== Segment start ==
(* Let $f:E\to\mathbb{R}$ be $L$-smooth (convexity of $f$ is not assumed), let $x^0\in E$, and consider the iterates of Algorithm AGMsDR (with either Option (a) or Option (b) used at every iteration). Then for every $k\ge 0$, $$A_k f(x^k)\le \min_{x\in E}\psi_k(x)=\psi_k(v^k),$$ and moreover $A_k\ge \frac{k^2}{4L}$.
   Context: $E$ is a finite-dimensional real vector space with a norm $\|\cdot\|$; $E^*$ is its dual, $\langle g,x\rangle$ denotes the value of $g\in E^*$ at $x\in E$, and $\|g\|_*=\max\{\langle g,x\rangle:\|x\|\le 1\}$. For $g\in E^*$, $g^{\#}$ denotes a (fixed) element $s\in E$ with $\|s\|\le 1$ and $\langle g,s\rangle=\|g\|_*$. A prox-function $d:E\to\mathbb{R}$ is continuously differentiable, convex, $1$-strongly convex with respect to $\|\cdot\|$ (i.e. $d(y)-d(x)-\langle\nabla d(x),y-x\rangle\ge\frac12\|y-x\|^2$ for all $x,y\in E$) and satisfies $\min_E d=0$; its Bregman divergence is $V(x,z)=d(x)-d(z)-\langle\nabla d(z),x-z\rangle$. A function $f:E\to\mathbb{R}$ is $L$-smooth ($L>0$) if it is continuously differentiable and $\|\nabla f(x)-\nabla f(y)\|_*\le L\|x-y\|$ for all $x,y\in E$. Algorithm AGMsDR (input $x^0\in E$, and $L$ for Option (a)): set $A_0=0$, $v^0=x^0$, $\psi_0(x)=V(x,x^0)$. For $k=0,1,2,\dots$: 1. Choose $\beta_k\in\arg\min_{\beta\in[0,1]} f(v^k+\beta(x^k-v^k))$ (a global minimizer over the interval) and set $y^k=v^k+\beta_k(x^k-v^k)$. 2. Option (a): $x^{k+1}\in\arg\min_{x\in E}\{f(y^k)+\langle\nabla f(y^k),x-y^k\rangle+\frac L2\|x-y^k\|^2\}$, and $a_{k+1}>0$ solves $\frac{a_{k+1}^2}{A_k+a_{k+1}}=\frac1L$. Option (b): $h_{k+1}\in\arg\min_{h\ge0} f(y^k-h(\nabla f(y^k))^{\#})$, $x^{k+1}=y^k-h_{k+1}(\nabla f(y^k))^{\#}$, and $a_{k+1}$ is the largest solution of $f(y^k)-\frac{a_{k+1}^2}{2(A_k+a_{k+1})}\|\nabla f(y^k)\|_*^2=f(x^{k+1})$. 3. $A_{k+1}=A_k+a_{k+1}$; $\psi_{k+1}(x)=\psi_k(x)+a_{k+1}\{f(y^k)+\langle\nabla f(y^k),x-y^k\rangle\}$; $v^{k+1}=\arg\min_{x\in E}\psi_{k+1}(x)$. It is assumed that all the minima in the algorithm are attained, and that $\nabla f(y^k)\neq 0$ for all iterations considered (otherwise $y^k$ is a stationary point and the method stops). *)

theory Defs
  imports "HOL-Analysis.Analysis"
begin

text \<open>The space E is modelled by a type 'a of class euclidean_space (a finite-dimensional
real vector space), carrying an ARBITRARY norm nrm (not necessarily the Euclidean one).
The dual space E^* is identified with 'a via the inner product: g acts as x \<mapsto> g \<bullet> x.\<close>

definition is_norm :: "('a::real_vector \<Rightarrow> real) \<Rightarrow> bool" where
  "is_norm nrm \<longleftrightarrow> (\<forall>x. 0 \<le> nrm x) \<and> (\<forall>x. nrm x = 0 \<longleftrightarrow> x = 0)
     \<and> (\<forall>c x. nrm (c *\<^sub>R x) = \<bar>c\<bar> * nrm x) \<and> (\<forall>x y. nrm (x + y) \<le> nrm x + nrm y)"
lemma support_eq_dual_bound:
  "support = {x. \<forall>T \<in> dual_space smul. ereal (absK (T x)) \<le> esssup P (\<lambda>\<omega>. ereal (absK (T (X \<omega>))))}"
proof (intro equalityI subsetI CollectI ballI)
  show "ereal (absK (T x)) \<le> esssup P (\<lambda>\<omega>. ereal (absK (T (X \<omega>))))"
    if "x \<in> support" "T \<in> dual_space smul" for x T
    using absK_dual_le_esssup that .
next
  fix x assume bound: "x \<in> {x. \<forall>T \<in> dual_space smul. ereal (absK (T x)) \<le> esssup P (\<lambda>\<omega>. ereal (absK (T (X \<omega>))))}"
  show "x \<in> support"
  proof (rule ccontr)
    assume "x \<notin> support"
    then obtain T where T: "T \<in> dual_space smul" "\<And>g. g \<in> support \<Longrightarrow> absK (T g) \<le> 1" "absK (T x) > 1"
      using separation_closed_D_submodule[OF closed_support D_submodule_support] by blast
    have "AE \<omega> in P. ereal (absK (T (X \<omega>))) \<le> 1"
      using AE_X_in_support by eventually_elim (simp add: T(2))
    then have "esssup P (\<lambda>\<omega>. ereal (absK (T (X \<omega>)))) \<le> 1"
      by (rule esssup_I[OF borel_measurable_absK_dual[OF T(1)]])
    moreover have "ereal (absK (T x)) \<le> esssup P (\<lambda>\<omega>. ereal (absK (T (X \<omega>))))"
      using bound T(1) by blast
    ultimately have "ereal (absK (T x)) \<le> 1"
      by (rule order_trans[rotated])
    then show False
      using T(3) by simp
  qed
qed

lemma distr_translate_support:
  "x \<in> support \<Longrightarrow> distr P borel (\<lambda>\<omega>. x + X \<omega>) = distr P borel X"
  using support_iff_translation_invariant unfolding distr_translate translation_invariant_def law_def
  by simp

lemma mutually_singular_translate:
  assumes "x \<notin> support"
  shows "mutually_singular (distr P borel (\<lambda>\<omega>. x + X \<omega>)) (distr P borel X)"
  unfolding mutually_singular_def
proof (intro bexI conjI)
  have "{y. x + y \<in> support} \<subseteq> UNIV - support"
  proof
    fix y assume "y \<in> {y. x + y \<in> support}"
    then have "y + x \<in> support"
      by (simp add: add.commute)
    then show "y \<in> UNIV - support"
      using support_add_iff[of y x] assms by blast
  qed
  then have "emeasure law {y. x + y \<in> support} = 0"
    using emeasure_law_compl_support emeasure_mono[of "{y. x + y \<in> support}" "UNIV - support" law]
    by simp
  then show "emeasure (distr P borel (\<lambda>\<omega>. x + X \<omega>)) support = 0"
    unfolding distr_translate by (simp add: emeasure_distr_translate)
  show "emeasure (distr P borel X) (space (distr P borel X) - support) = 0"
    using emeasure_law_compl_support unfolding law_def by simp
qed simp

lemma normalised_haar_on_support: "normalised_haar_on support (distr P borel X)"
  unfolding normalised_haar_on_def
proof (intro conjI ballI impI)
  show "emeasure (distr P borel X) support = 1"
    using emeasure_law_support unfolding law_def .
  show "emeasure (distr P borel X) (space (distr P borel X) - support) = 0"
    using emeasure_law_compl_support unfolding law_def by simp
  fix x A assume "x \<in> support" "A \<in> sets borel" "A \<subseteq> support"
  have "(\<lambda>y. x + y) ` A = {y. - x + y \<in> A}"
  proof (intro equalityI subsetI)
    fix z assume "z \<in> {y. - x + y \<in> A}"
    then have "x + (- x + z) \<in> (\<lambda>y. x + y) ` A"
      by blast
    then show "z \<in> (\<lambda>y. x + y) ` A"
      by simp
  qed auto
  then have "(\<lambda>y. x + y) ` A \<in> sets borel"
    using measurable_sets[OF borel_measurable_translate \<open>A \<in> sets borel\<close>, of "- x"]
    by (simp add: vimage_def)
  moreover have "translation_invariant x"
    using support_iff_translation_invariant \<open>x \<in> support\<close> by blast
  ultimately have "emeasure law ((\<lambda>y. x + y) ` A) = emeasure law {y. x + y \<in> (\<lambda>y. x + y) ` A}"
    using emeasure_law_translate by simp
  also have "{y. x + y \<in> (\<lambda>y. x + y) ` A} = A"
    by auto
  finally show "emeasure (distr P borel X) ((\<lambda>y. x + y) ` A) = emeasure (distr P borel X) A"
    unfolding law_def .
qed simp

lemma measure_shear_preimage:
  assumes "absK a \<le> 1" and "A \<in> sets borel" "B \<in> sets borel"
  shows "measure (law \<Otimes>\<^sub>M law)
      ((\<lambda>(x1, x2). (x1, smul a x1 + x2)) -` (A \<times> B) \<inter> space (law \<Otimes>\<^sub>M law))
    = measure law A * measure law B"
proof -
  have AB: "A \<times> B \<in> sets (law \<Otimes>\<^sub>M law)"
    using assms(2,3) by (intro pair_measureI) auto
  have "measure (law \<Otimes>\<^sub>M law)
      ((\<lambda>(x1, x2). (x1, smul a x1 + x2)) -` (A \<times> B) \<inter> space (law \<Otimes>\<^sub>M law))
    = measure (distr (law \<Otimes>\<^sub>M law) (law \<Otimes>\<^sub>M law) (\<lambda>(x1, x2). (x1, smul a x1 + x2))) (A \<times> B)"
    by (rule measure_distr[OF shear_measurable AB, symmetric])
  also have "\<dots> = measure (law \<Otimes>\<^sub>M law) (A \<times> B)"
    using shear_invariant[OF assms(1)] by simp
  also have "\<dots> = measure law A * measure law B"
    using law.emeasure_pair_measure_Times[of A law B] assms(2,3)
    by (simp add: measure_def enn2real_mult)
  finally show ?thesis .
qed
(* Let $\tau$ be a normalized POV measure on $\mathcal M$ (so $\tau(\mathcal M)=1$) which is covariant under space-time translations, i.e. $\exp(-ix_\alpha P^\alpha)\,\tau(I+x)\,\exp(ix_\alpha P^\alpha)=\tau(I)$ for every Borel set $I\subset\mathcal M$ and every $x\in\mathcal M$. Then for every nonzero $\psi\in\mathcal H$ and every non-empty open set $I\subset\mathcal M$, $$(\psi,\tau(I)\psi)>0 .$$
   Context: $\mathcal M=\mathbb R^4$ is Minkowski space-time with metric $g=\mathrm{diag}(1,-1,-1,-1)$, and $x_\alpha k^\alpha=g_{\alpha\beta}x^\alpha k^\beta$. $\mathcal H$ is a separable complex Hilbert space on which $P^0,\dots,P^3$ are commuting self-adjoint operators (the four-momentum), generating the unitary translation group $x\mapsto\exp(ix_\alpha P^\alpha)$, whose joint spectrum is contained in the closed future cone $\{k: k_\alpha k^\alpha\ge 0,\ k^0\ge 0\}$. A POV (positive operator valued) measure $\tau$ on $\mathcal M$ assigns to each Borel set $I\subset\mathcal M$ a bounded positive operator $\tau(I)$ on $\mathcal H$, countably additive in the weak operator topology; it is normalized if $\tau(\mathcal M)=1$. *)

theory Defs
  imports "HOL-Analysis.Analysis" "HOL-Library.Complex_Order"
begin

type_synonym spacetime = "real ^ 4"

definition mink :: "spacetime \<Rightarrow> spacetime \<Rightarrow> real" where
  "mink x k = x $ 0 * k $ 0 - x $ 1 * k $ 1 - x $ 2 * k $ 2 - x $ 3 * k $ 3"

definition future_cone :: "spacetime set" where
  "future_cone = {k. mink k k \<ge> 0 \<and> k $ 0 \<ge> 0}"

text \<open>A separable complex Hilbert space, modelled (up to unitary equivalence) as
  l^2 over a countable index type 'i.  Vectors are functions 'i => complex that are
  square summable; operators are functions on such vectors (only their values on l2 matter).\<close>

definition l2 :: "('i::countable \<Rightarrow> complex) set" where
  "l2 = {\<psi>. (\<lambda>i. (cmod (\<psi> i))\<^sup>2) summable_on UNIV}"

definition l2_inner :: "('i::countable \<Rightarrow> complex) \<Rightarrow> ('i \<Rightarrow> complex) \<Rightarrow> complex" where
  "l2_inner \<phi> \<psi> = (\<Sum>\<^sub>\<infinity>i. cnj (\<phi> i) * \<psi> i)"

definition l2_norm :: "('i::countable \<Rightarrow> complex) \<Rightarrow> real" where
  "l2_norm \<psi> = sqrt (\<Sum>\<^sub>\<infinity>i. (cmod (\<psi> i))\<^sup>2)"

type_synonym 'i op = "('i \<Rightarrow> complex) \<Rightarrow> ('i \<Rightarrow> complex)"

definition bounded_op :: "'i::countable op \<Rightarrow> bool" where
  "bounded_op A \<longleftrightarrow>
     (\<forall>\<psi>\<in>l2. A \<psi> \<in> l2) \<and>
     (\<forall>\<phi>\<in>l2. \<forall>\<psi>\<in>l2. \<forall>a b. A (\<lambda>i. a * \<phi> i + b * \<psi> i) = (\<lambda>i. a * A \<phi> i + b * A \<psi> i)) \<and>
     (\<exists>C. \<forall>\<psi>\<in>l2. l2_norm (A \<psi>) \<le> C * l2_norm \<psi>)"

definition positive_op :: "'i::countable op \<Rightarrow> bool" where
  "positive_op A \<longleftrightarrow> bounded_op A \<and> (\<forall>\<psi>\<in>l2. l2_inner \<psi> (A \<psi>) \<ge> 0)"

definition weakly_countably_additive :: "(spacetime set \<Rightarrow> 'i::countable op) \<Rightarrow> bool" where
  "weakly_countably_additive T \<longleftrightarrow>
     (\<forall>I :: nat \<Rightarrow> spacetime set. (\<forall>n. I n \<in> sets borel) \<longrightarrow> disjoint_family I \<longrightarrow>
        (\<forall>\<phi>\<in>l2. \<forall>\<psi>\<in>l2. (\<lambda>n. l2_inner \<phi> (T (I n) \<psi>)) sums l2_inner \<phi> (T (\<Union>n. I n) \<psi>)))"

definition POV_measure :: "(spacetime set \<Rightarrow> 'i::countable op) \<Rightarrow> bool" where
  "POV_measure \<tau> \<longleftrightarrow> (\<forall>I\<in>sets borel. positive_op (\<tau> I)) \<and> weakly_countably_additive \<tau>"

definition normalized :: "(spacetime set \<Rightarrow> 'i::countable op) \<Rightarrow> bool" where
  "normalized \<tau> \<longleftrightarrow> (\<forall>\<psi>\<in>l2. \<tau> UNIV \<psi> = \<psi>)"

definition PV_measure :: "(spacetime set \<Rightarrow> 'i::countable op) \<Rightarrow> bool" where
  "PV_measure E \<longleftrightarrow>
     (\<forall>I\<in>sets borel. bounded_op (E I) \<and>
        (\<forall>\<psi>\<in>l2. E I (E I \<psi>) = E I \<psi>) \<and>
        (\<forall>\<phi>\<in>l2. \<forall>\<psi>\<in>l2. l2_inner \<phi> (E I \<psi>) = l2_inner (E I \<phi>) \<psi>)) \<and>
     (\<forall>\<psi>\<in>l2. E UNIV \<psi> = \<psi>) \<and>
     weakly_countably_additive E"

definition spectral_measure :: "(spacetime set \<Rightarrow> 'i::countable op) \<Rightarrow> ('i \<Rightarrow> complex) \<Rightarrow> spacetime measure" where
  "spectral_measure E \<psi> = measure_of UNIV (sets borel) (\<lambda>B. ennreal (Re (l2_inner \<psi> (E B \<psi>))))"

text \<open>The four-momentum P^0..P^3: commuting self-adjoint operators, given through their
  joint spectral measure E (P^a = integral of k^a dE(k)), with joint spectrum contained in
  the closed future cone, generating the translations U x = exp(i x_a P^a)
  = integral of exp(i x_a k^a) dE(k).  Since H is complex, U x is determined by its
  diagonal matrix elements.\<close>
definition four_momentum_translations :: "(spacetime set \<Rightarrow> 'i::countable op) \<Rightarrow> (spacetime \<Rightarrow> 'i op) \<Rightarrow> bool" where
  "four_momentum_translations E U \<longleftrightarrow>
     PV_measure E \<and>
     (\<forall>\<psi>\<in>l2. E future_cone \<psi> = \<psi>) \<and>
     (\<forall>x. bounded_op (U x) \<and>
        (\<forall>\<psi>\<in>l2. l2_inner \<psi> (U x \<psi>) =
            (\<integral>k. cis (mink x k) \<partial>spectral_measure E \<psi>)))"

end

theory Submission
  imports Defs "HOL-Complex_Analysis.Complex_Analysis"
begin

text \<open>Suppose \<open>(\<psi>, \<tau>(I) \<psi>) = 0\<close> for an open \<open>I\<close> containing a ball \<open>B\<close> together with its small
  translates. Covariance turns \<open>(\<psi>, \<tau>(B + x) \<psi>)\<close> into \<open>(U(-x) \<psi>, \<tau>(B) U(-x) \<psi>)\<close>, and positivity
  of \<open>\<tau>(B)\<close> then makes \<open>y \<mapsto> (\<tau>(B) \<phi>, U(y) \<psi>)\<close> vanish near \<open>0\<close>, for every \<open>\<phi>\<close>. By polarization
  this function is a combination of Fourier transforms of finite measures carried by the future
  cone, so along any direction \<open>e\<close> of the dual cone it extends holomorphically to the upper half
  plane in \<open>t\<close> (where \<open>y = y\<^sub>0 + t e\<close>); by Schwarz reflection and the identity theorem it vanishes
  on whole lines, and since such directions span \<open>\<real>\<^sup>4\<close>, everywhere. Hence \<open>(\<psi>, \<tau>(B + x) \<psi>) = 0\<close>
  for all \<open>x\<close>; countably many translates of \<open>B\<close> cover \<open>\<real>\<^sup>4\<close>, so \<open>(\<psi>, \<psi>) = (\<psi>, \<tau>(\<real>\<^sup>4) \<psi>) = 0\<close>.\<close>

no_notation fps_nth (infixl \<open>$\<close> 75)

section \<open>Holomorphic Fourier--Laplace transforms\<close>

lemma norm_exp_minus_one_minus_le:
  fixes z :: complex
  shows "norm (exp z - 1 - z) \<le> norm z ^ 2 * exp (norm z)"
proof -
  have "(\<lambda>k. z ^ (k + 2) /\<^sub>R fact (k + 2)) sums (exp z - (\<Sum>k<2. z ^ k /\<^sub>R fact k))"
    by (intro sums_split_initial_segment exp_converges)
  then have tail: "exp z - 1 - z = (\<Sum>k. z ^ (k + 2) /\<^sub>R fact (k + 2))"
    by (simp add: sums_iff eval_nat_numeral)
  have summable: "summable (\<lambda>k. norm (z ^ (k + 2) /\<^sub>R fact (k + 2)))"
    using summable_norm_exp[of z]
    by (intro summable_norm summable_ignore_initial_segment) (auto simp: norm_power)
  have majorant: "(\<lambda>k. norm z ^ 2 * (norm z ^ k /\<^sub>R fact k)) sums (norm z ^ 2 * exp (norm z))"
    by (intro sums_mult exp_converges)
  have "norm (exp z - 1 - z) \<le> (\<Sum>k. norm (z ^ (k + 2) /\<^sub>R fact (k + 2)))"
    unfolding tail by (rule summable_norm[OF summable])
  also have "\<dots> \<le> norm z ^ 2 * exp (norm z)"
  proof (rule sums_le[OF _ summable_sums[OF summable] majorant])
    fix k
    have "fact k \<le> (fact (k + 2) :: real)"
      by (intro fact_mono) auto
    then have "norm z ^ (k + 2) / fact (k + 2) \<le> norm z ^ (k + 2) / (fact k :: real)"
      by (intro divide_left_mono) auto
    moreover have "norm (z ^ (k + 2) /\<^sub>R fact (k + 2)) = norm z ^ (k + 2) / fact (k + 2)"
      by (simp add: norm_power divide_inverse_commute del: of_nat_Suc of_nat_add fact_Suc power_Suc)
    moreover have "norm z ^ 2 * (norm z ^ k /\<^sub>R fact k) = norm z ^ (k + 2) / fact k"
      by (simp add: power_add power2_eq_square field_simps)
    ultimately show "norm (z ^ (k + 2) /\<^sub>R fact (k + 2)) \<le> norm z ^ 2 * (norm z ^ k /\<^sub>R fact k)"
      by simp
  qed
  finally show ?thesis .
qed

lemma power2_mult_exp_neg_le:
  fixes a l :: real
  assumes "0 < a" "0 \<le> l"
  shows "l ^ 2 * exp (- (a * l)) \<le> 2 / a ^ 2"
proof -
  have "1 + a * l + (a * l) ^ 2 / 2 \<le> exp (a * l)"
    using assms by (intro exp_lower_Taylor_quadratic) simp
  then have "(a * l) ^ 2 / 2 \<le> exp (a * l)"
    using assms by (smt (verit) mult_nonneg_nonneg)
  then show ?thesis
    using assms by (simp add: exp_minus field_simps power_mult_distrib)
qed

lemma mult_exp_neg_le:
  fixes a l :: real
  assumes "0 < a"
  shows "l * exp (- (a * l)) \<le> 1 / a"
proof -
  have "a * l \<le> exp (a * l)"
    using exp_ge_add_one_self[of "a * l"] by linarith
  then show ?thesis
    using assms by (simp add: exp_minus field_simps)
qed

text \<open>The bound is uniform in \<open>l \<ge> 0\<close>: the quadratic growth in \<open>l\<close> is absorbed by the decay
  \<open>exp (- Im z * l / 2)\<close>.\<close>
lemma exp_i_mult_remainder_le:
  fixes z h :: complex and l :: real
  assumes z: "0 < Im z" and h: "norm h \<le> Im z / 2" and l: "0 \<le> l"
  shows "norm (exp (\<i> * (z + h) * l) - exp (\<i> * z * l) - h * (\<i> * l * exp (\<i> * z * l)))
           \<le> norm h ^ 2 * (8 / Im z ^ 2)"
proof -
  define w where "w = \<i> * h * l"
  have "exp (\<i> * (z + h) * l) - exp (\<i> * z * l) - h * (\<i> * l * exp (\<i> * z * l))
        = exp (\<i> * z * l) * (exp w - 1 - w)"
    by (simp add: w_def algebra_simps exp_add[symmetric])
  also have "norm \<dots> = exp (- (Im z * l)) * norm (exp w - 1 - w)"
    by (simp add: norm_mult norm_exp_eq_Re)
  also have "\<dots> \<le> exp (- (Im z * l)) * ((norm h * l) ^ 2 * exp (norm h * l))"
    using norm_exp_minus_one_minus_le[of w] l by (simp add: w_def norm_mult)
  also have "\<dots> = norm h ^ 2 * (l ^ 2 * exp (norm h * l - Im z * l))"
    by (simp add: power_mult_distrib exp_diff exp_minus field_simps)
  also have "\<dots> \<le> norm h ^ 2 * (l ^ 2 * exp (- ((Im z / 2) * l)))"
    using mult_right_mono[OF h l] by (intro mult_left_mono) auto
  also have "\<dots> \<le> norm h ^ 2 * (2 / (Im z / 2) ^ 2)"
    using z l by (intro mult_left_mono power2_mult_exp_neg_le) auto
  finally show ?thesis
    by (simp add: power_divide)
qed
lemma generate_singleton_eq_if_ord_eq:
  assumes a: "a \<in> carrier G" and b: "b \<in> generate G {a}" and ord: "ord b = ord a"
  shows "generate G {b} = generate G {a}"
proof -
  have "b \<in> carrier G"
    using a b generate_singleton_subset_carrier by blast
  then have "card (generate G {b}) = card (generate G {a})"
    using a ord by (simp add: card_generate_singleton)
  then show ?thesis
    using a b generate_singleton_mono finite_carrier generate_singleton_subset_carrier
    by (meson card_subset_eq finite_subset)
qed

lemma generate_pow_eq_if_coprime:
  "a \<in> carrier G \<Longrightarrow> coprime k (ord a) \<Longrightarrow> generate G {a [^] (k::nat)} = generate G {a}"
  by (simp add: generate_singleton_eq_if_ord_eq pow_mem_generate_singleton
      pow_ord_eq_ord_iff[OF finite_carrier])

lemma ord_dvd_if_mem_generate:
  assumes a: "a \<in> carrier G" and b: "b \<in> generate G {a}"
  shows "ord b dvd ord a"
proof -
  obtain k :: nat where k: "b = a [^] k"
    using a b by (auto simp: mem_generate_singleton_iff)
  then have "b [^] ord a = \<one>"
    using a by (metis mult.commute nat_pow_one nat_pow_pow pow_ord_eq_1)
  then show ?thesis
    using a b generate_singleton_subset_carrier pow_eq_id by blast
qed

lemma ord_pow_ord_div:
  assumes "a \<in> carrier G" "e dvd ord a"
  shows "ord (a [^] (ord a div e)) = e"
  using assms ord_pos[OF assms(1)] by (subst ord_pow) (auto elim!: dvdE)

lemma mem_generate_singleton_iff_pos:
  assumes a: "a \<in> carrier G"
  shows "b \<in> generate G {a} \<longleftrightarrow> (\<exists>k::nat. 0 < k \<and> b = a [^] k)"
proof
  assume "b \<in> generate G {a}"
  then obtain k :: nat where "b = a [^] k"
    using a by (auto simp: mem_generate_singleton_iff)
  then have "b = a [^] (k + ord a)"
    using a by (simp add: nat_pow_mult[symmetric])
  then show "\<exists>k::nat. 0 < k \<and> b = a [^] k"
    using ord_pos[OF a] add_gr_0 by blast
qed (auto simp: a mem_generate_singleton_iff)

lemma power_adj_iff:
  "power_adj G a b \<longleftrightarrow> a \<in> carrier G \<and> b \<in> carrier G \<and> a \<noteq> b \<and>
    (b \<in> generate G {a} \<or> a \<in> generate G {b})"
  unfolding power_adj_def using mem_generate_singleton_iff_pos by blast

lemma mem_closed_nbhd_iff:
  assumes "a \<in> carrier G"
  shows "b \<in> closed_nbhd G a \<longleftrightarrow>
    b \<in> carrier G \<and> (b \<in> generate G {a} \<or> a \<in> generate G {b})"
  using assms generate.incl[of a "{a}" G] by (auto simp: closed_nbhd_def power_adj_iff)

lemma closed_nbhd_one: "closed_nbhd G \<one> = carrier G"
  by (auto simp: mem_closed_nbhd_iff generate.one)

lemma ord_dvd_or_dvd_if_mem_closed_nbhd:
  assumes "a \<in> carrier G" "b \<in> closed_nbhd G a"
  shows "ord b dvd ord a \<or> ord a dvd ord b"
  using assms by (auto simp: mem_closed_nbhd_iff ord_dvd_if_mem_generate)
== Segment end ==
◆ **WHAT THE TASK REQUIRES**
What is needed is the number of lines in the entries that contain the word "operators", written alone.

◆ **TASK RESPONSE**
3